**Required action**
Return exactly the lines below, starting with the one that has "domD. \<forall>z\<in>Dc_dom domG" and going on through the one that has "(THE u. u \<in>".

**Excerpted records**

(* Let $H_0,H_1$ be complex Hilbert spaces, $G$ a densely defined closed operator from $H_0$ into $H_1$ and $D$ a densely defined closed operator from $H_1$ into $H_0$ with $-G^*\subset D$. Let $H$ be a Hilbert space and $\kappa\in\mathcal L(\mathrm{BD}(G),H)$ injective with dense range, and let $a\in\mathcal L(H_1)$, $m\in\mathcal L(H_0)$ be coercive. Then the Dirichlet-to-Neumann operator $\Lambda_H$ in $H$ associated with $-DaG+m$ is invertible and \[ \Lambda_H^{-1}\psi=\kappa\begin{pmatrix}\pi_{\mathrm{BD}(G)} & 0\end{pmatrix}\begin{pmatrix} m & -\mathring D\\ -G & a^{-1}\end{pmatrix}^{-1}\begin{pmatrix} I\\ -a^{-1}G\end{pmatrix}\kappa^*\psi \] for all $\psi\in H$, where the matrix operator acts in $H_0\times H_1$ with domain $\mathrm{dom}(G)\times\mathrm{dom}(\mathring D)$ (and is invertible).
   Context: $\mathring D=-G^*$, $\mathring G=-D^*$. Domains carry graph inner products. $\mathrm{BD}(G)$ (resp. $\mathrm{BD}(D)$) is the orthogonal complement of $\mathrm{dom}(\mathring G)$ in $\mathrm{dom}(G)$ (resp. of $\mathrm{dom}(\mathring D)$ in $\mathrm{dom}(D)$) with induced inner products; $\pi_{\mathrm{BD}(G)},\pi_{\mathrm{BD}(D)}$ are the orthogonal projections. $G$ maps $\mathrm{BD}(G)$ into $\mathrm{BD}(D)$. Coercive: $\mathrm{Re}(Mx,x)\ge\mu\|x\|^2$ for some $\mu>0$. For coercive $a,m$ and $u_0\in\mathrm{BD}(G)$ there is a unique $u\in\mathrm{dom}(G)$ with $aGu\in\mathrm{dom}(D)$, $mu-DaGu=0$, $u-u_0\in\mathrm{dom}(\mathring G)$; $\Lambda u_0=\pi_{\mathrm{BD}(D)}(aGu)$. $\kappa^*\colon H\to\mathrm{BD}(G)$ is the adjoint of $\kappa$. $\Lambda_H$: $\varphi\in\mathrm{dom}(\Lambda_H)$, $\Lambda_H\varphi=\psi$ iff there is $u_0\in\mathrm{BD}(G)$ with $\kappa(u_0)=\varphi$ and $\Lambda u_0=G\kappa^*\psi$. *)

theory Defs
  imports "HOL-Analysis.Analysis"
begin

class complex_vector = real_vector +
  fixes scaleC :: "complex \<Rightarrow> 'a \<Rightarrow> 'a"
  assumes scaleC_add_right: "scaleC c (x + y) = scaleC c x + scaleC c y"
    and scaleC_add_left: "scaleC (c + d) x = scaleC c x + scaleC d x"
    and scaleC_scaleC: "scaleC c (scaleC d x) = scaleC (c * d) x"
    and scaleC_one: "scaleC 1 x = x"
    and scaleR_scaleC: "scaleR r x = scaleC (complex_of_real r) x"

class complex_inner = complex_vector + real_normed_vector +
  fixes cinner :: "'a \<Rightarrow> 'a \<Rightarrow> complex"
  assumes cinner_commute: "cinner x y = cnj (cinner y x)"
    and cinner_add_left: "cinner (x + y) z = cinner x z + cinner y z"
    and cinner_scaleC_left: "cinner (scaleC c x) y = cnj c * cinner x y"
    and cinner_nonneg: "Im (cinner x x) = 0 \<and> Re (cinner x x) \<ge> 0"
    and cinner_eq_zero_iff: "cinner x x = 0 \<longleftrightarrow> x = 0"
    and norm_eq_sqrt_cinner: "norm x = sqrt (Re (cinner x x))"

class chilbert_space = complex_inner + complete_space

definition csubspace :: "'a::complex_vector set \<Rightarrow> bool" where
  "csubspace S \<longleftrightarrow> 0 \<in> S \<and> (\<forall>x\<in>S. \<forall>y\<in>S. x + y \<in> S) \<and> (\<forall>c. \<forall>x\<in>S. scaleC c x \<in> S)"

definition clinear_on :: "'a::complex_vector set \<Rightarrow> ('a \<Rightarrow> 'b::complex_vector) \<Rightarrow> bool" where
  "clinear_on S f \<longleftrightarrow> csubspace S \<and> (\<forall>x\<in>S. \<forall>y\<in>S. f (x + y) = f x + f y)
     \<and> (\<forall>c. \<forall>x\<in>S. f (scaleC c x) = scaleC c (f x))"

definition bounded_clinear_op :: "('a::complex_inner \<Rightarrow> 'b::complex_inner) \<Rightarrow> bool" where
  "bounded_clinear_op f \<longleftrightarrow> clinear_on UNIV f \<and> (\<exists>K. \<forall>x. norm (f x) \<le> K * norm x)"

definition densely_defined_closed :: "'a::complex_inner set \<Rightarrow> ('a \<Rightarrow> 'b::complex_inner) \<Rightarrow> bool" where
  "densely_defined_closed Sd f \<longleftrightarrow> clinear_on Sd f \<and> closure Sd = UNIV
     \<and> closed {(x, f x) | x. x \<in> Sd}"

definition adj_dom :: "'a::complex_inner set \<Rightarrow> ('a \<Rightarrow> 'b::complex_inner) \<Rightarrow> 'b set" where
  "adj_dom Sd f = {y. \<exists>z. \<forall>x\<in>Sd. cinner (f x) y = cinner x z}"

definition adj :: "'a::complex_inner set \<Rightarrow> ('a \<Rightarrow> 'b::complex_inner) \<Rightarrow> 'b \<Rightarrow> 'a" where
  "adj Sd f y = (THE z. \<forall>x\<in>Sd. cinner (f x) y = cinner x z)"

definition op_subset :: "'a set \<Rightarrow> ('a \<Rightarrow> 'b) \<Rightarrow> 'a set \<Rightarrow> ('a \<Rightarrow> 'b) \<Rightarrow> bool" where
  "op_subset domA A domB B \<longleftrightarrow> domA \<subseteq> domB \<and> (\<forall>x\<in>domA. B x = A x)"

definition ginner :: "('a::complex_inner \<Rightarrow> 'b::complex_inner) \<Rightarrow> 'a \<Rightarrow> 'a \<Rightarrow> complex" where
  "ginner f x y = cinner x y + cinner (f x) (f y)"

definition gnorm :: "('a::complex_inner \<Rightarrow> 'b::complex_inner) \<Rightarrow> 'a \<Rightarrow> real" where
  "gnorm f x = sqrt ((norm x)\<^sup>2 + (norm (f x))\<^sup>2)"

definition coercive :: "('a::complex_inner \<Rightarrow> 'a) \<Rightarrow> bool" where
  "coercive M \<longleftrightarrow> (\<exists>\<mu>>0. \<forall>x. Re (cinner (M x) x) \<ge> \<mu> * (norm x)\<^sup>2)"

text \<open>\<open>\<mathring>D = -G\<^sup>*\<close>, \<open>\<mathring>G = -D\<^sup>*\<close>.\<close>
definition Dc_dom :: "'a::complex_inner set \<Rightarrow> ('a \<Rightarrow> 'b::complex_inner) \<Rightarrow> 'b set" where
  "Dc_dom domG G = adj_dom domG G"
definition Dc :: "'a::complex_inner set \<Rightarrow> ('a \<Rightarrow> 'b::complex_inner) \<Rightarrow> 'b \<Rightarrow> 'a" where
  "Dc domG G y = - adj domG G y"
definition Gc_dom :: "'b::complex_inner set \<Rightarrow> ('b \<Rightarrow> 'a::complex_inner) \<Rightarrow> 'a set" where
  "Gc_dom domD D = adj_dom domD D"
definition Gc :: "'b::complex_inner set \<Rightarrow> ('b \<Rightarrow> 'a::complex_inner) \<Rightarrow> 'a \<Rightarrow> 'b" where
  "Gc domD D x = - adj domD D x"

definition BD_G :: "'a::complex_inner set \<Rightarrow> ('a \<Rightarrow> 'b::complex_inner) \<Rightarrow> 'b set \<Rightarrow> ('b \<Rightarrow> 'a) \<Rightarrow> 'a set" where
  "BD_G domG G domD D = {x \<in> domG. \<forall>y\<in>Gc_dom domD D. ginner G x y = 0}"

definition BD_D :: "'a::complex_inner set \<Rightarrow> ('a \<Rightarrow> 'b::complex_inner) \<Rightarrow> 'b set \<Rightarrow> ('b \<Rightarrow> 'a) \<Rightarrow> 'b set" where
  "BD_D domG G domD D = {y \<in> domD. \<forall>z\<in>Dc_dom domG G. ginner D y z = 0}"

definition gproj :: "'a set \<Rightarrow> ('a::complex_inner \<Rightarrow> 'b::complex_inner) \<Rightarrow> 'a \<Rightarrow> 'a" where
  "gproj S f v = (THE w. w \<in> S \<and> (\<forall>z\<in>S. ginner f (v - w) z = 0))"

definition kappa_adj :: "'a::complex_inner set \<Rightarrow> ('a \<Rightarrow> 'b::complex_inner) \<Rightarrow> 'b set \<Rightarrow> ('b \<Rightarrow> 'a)
    \<Rightarrow> ('a \<Rightarrow> 'c::complex_inner) \<Rightarrow> 'c \<Rightarrow> 'a" where
  "kappa_adj domG G domD D \<kappa> \<psi> =
     (THE f. f \<in> BD_G domG G domD D \<and> (\<forall>u\<in>BD_G domG G domD D. cinner (\<kappa> u) \<psi> = ginner G u f))"

definition dir_sol :: "'a::complex_inner set \<Rightarrow> ('a \<Rightarrow> 'b::complex_inner) \<Rightarrow> 'b set \<Rightarrow> ('b \<Rightarrow> 'a)
    \<Rightarrow> ('b \<Rightarrow> 'b) \<Rightarrow> ('a \<Rightarrow> 'a) \<Rightarrow> 'a \<Rightarrow> 'a" where
  "dir_sol domG G domD D a m u0 =
     (THE u. u \<in> domG \<and> a (G u) \<in> domD \<and> m u - D (a (G u)) = 0 \<and> u - u0 \<in> Gc_dom domD D)"

definition DtN :: "'a::complex_inner set \<Rightarrow> ('a \<Rightarrow> 'b::complex_inner) \<Rightarrow> 'b set \<Rightarrow> ('b \<Rightarrow> 'a)
    \<Rightarrow> ('b \<Rightarrow> 'b) \<Rightarrow> ('a \<Rightarrow> 'a) \<Rightarrow> 'a \<Rightarrow> 'b" where
  "DtN domG G domD D a m u0 =
     gproj (BD_D domG G domD D) D (a (G (dir_sol domG G domD D a m u0)))"

text \<open>The Dirichlet-to-Neumann operator \<open>\<Lambda>\<^sub>H\<close> in \<open>H\<close>, as a relation (graph): \<open>(\<phi>,\<psi>) \<in> \<Lambda>\<^sub>H\<close> iff
  \<open>\<phi> \<in> dom(\<Lambda>\<^sub>H)\<close> and \<open>\<Lambda>\<^sub>H \<phi> = \<psi>\<close>.\<close>
definition DtN_H :: "'a::complex_inner set \<Rightarrow> ('a \<Rightarrow> 'b::complex_inner) \<Rightarrow> 'b set \<Rightarrow> ('b \<Rightarrow> 'a)
    \<Rightarrow> ('b \<Rightarrow> 'b) \<Rightarrow> ('a \<Rightarrow> 'a) \<Rightarrow> ('a \<Rightarrow> 'c::complex_inner) \<Rightarrow> ('c \<times> 'c) set" where
  "DtN_H domG G domD D a m \<kappa> =
     {(\<phi>, \<psi>). \<exists>u0\<in>BD_G domG G domD D. \<kappa> u0 = \<phi> \<and>
         DtN domG G domD D a m u0 = G (kappa_adj domG G domD D \<kappa> \<psi>)}"

definition block_dom :: "'a::complex_inner set \<Rightarrow> ('a \<Rightarrow> 'b::complex_inner) \<Rightarrow> ('a \<times> 'b) set" where
  "block_dom domG G = domG \<times> Dc_dom domG G"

**Your response**
  "BD_D domG G domD D = {y \<in> domD. \<forall>z\<in>Dc_dom domG G. ginner D y z = 0}"

definition gproj :: "'a set \<Rightarrow> ('a::complex_inner \<Rightarrow> 'b::complex_inner) \<Rightarrow> 'a \<Rightarrow> 'a" where
  "gproj S f v = (THE w. w \<in> S \<and> (\<forall>z\<in>S. ginner f (v - w) z = 0))"

definition kappa_adj :: "'a::complex_inner set \<Rightarrow> ('a \<Rightarrow> 'b::complex_inner) \<Rightarrow> 'b set \<Rightarrow> ('b \<Rightarrow> 'a)
    \<Rightarrow> ('a \<Rightarrow> 'c::complex_inner) \<Rightarrow> 'c \<Rightarrow> 'a" where
  "kappa_adj domG G domD D \<kappa> \<psi> =
     (THE f. f \<in> BD_G domG G domD D \<and> (\<forall>u\<in>BD_G domG G domD D. cinner (\<kappa> u) \<psi> = ginner G u f))"

definition dir_sol :: "'a::complex_inner set \<Rightarrow> ('a \<Rightarrow> 'b::complex_inner) \<Rightarrow> 'b set \<Rightarrow> ('b \<Rightarrow> 'a)
    \<Rightarrow> ('b \<Rightarrow> 'b) \<Rightarrow> ('a \<Rightarrow> 'a) \<Rightarrow> 'a \<Rightarrow> 'a" where
  "dir_sol domG G domD D a m u0 =
     (THE u. u \<in> domG \<and> a (G u) \<in> domD \<and> m u - D (a (G u)) = 0 \<and> u - u0 \<in> Gc_dom domD D)"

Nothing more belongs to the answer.